*** Material to process ***

lemma pair_shift_phase_query_pair_state:
  assumes k: "Suc k < npairs n" and x: "length x = n"
  shows "perm_mat (pair_shift n k) (qdim n 1) *\<^sub>v phase_query n x (pair_state n k \<sigma> (prefix_weight n x k))
    = pair_state n (Suc k) (\<sigma> * slot_sign n x (2 * k)) (prefix_weight n x (Suc k))"
proof (rule eq_vecI)
  fix r assume "r < dim_vec (pair_state n (Suc k) (\<sigma> * slot_sign n x (2 * k)) (prefix_weight n x (Suc k)))"
  then have r: "r < qdim n 1" by (simp add: pair_state_def)
  have k0: "k < npairs n" using k by simp
  have inv: "involution_on (pair_shift n k) (qdim n 1)" by (rule involution_on_pair_shift[OF k])
  then have "pair_shift n k r < qdim n 1" using r unfolding involution_on_def by auto
  moreover have "\<sigma> * (-1) ^ prefix_weight n x k * slot_sign n x (2 * k + 1)
      = \<sigma> * slot_sign n x (2 * k) * (-1) ^ prefix_weight n x (Suc k)"
    unfolding sign_prefix_weight_Suc[OF k0 x] by (simp add: algebra_simps)
  ultimately show "(perm_mat (pair_shift n k) (qdim n 1) *\<^sub>v
        phase_query n x (pair_state n k \<sigma> (prefix_weight n x k))) $ r
      = pair_state n (Suc k) (\<sigma> * slot_sign n x (2 * k)) (prefix_weight n x (Suc k)) $ r"
    unfolding perm_mat_mult_vec_nth[OF inv phase_query_carrier r]
    using phase_query_pair_state_nth[of k n] k r consecutive_pairs_distinct[OF k]
    by (auto simp: pair_state_def pair_shift_def)
qed (simp add: perm_mat_def pair_state_def)

definition swap_to_first_pair :: "nat \<Rightarrow> nat \<Rightarrow> nat" where
  "swap_to_first_pair n r = (if r = 0 then pair_fst n 0 else if r = pair_fst n 0 then 0 else r)"

definition parity_init :: "nat \<Rightarrow> complex mat" where
  "parity_init n = hadamard_blocks (qdim n 1) *
     (hadamard_on (pair_fst n 0) (pair_snd n 0) (qdim n 1) * perm_mat (swap_to_first_pair n) (qdim n 1))"

definition parity_step :: "nat \<Rightarrow> nat \<Rightarrow> complex mat" where
  "parity_step n k = hadamard_blocks (qdim n 1) *
     (perm_mat (pair_shift n k) (qdim n 1) * hadamard_blocks (qdim n 1))"

definition parity_final :: "nat \<Rightarrow> complex mat" where
  "parity_final n = hadamard_on (pair_fst n (npairs n - 1)) (pair_snd n (npairs n - 1)) (qdim n 1) *
     hadamard_blocks (qdim n 1)"

definition parity_unitaries :: "nat \<Rightarrow> complex mat list" where
  "parity_unitaries n = map (parity_step n) [0..<npairs n - 1] @ [parity_final n]"

lemma involution_on_swap_to_first_pair:
  "n \<ge> 1 \<Longrightarrow> involution_on (swap_to_first_pair n) (qdim n 1)"
  unfolding involution_on_def swap_to_first_pair_def
  using pair_less(1)[of 0 n] npairs_pos[of n] by (auto simp: qdim_def)

lemma parity_init_start:
  assumes n: "n \<ge> 1"
  shows "parity_init n *\<^sub>v unit_vec (qdim n 1) 0 = hadamard_blocks (qdim n 1) *\<^sub>v pair_state n 0 1 0"
proof -
  let ?d = "qdim n 1"
  have "0 < npairs n" using npairs_pos[OF n] by simp
  note pair = pair_less[OF this]
  have d: "0 < ?d" using n by (simp add: qdim_def)
  have P: "perm_mat (swap_to_first_pair n) ?d *\<^sub>v unit_vec ?d 0 = unit_vec ?d (pair_fst n 0)"
  proof (rule eq_vecI)
    fix r assume "r < dim_vec (unit_vec ?d (pair_fst n 0))"
    then have r: "r < ?d" by simp
    have "swap_to_first_pair n r < ?d"
      using involution_on_swap_to_first_pair[OF n] r unfolding involution_on_def by auto
    then show "(perm_mat (swap_to_first_pair n) ?d *\<^sub>v unit_vec ?d 0) $ r = unit_vec ?d (pair_fst n 0) $ r"
      unfolding perm_mat_mult_vec_nth[OF involution_on_swap_to_first_pair[OF n] unit_vec_carrier r]
      using r pair d by (auto simp: swap_to_first_pair_def)
  qed (simp add: perm_mat_def)
  have H: "hadamard_on (pair_fst n 0) (pair_snd n 0) ?d *\<^sub>v unit_vec ?d (pair_fst n 0) = pair_state n 0 1 0"
  proof (rule eq_vecI)
    fix r assume "r < dim_vec (pair_state n 0 1 0)"
    then have r: "r < ?d" by (simp add: pair_state_def)
    show "(hadamard_on (pair_fst n 0) (pair_snd n 0) ?d *\<^sub>v unit_vec ?d (pair_fst n 0)) $ r = pair_state n 0 1 0 $ r"
      unfolding hadamard_on_mult_vec_nth[OF pair(1-3) unit_vec_carrier r]
      using r pair by (auto simp: pair_state_def)
  qed (simp add: hadamard_on_def pair_state_def)
  show ?thesis
    unfolding parity_init_def P[symmetric] H[symmetric]
    using assoc_mult_mat_vec[OF hadamard_blocks_carrier
        mult_carrier_mat[OF hadamard_on_carrier perm_mat_carrier] unit_vec_carrier]
      assoc_mult_mat_vec[OF hadamard_on_carrier perm_mat_carrier unit_vec_carrier]
    by simp
qed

*** End of Material to process ***

## Task instructions
Output the entries exactly. Leave nothing out.

## Solution to this task
lemma pair_shift_phase_query_pair_state:
  assumes k: "Suc k < npairs n" and x: "length x = n"
  shows "perm_mat (pair_shift n k) (qdim n 1) *\<^sub>v phase_query n x (pair_state n k \<sigma> (prefix_weight n x k))
    = pair_state n (Suc k) (\<sigma> * slot_sign n x (2 * k)) (prefix_weight n x (Suc k))"
proof (rule eq_vecI)
  fix r assume "r < dim_vec (pair_state n (Suc k) (\<sigma> * slot_sign n x (2 * k)) (prefix_weight n x (Suc k)))"
  then have r: "r < qdim n 1" by (simp add: pair_state_def)
  have k0: "k < npairs n" using k by simp
  have inv: "involution_on (pair_shift n k) (qdim n 1)" by (rule involution_on_pair_shift[OF k])
  then have "pair_shift n k r < qdim n 1" using r unfolding involution_on_def by auto
  moreover have "\<sigma> * (-1) ^ prefix_weight n x k * slot_sign n x (2 * k + 1)
      = \<sigma> * slot_sign n x (2 * k) * (-1) ^ prefix_weight n x (Suc k)"
    unfolding sign_prefix_weight_Suc[OF k0 x] by (simp add: algebra_simps)
  ultimately show "(perm_mat (pair_shift n k) (qdim n 1) *\<^sub>v
        phase_query n x (pair_state n k \<sigma> (prefix_weight n x k))) $ r
      = pair_state n (Suc k) (\<sigma> * slot_sign n x (2 * k)) (prefix_weight n x (Suc k)) $ r"
    unfolding perm_mat_mult_vec_nth[OF inv phase_query_carrier r]
    using phase_query_pair_state_nth[of k n] k r consecutive_pairs_distinct[OF k]
    by (auto simp: pair_state_def pair_shift_def)
qed (simp add: perm_mat_def pair_state_def)

definition swap_to_first_pair :: "nat \<Rightarrow> nat \<Rightarrow> nat" where
  "swap_to_first_pair n r = (if r = 0 then pair_fst n 0 else if r = pair_fst n 0 then 0 else r)"

definition parity_init :: "nat \<Rightarrow> complex mat" where
  "parity_init n = hadamard_blocks (qdim n 1) *
     (hadamard_on (pair_fst n 0) (pair_snd n 0) (qdim n 1) * perm_mat (swap_to_first_pair n) (qdim n 1))"

definition parity_step :: "nat \<Rightarrow> nat \<Rightarrow> complex mat" where
  "parity_step n k = hadamard_blocks (qdim n 1) *
     (perm_mat (pair_shift n k) (qdim n 1) * hadamard_blocks (qdim n 1))"

definition parity_final :: "nat \<Rightarrow> complex mat" where
  "parity_final n = hadamard_on (pair_fst n (npairs n - 1)) (pair_snd n (npairs n - 1)) (qdim n 1) *
     hadamard_blocks (qdim n 1)"

definition parity_unitaries :: "nat \<Rightarrow> complex mat list" where
  "parity_unitaries n = map (parity_step n) [0..<npairs n - 1] @ [parity_final n]"

lemma involution_on_swap_to_first_pair:
  "n \<ge> 1 \<Longrightarrow> involution_on (swap_to_first_pair n) (qdim n 1)"
  unfolding involution_on_def swap_to_first_pair_def
  using pair_less(1)[of 0 n] npairs_pos[of n] by (auto simp: qdim_def)

lemma parity_init_start:
  assumes n: "n \<ge> 1"
  shows "parity_init n *\<^sub>v unit_vec (qdim n 1) 0 = hadamard_blocks (qdim n 1) *\<^sub>v pair_state n 0 1 0"
proof -
  let ?d = "qdim n 1"
  have "0 < npairs n" using npairs_pos[OF n] by simp
  note pair = pair_less[OF this]
  have d: "0 < ?d" using n by (simp add: qdim_def)
  have P: "perm_mat (swap_to_first_pair n) ?d *\<^sub>v unit_vec ?d 0 = unit_vec ?d (pair_fst n 0)"
  proof (rule eq_vecI)
    fix r assume "r < dim_vec (unit_vec ?d (pair_fst n 0))"
    then have r: "r < ?d" by simp
    have "swap_to_first_pair n r < ?d"
      using involution_on_swap_to_first_pair[OF n] r unfolding involution_on_def by auto
    then show "(perm_mat (swap_to_first_pair n) ?d *\<^sub>v unit_vec ?d 0) $ r = unit_vec ?d (pair_fst n 0) $ r"
      unfolding perm_mat_mult_vec_nth[OF involution_on_swap_to_first_pair[OF n] unit_vec_carrier r]
      using r pair d by (auto simp: swap_to_first_pair_def)
  qed (simp add: perm_mat_def)
  have H: "hadamard_on (pair_fst n 0) (pair_snd n 0) ?d *\<^sub>v unit_vec ?d (pair_fst n 0) = pair_state n 0 1 0"
  proof (rule eq_vecI)
    fix r assume "r < dim_vec (pair_state n 0 1 0)"
    then have r: "r < ?d" by (simp add: pair_state_def)
    show "(hadamard_on (pair_fst n 0) (pair_snd n 0) ?d *\<^sub>v unit_vec ?d (pair_fst n 0)) $ r = pair_state n 0 1 0 $ r"
      unfolding hadamard_on_mult_vec_nth[OF pair(1-3) unit_vec_carrier r]
      using r pair by (auto simp: pair_state_def)
  qed (simp add: hadamard_on_def pair_state_def)
  show ?thesis
    unfolding parity_init_def P[symmetric] H[symmetric]
    using assoc_mult_mat_vec[OF hadamard_blocks_carrier
        mult_carrier_mat[OF hadamard_on_carrier perm_mat_carrier] unit_vec_carrier]
      assoc_mult_mat_vec[OF hadamard_on_carrier perm_mat_carrier unit_vec_carrier]
    by simp
qed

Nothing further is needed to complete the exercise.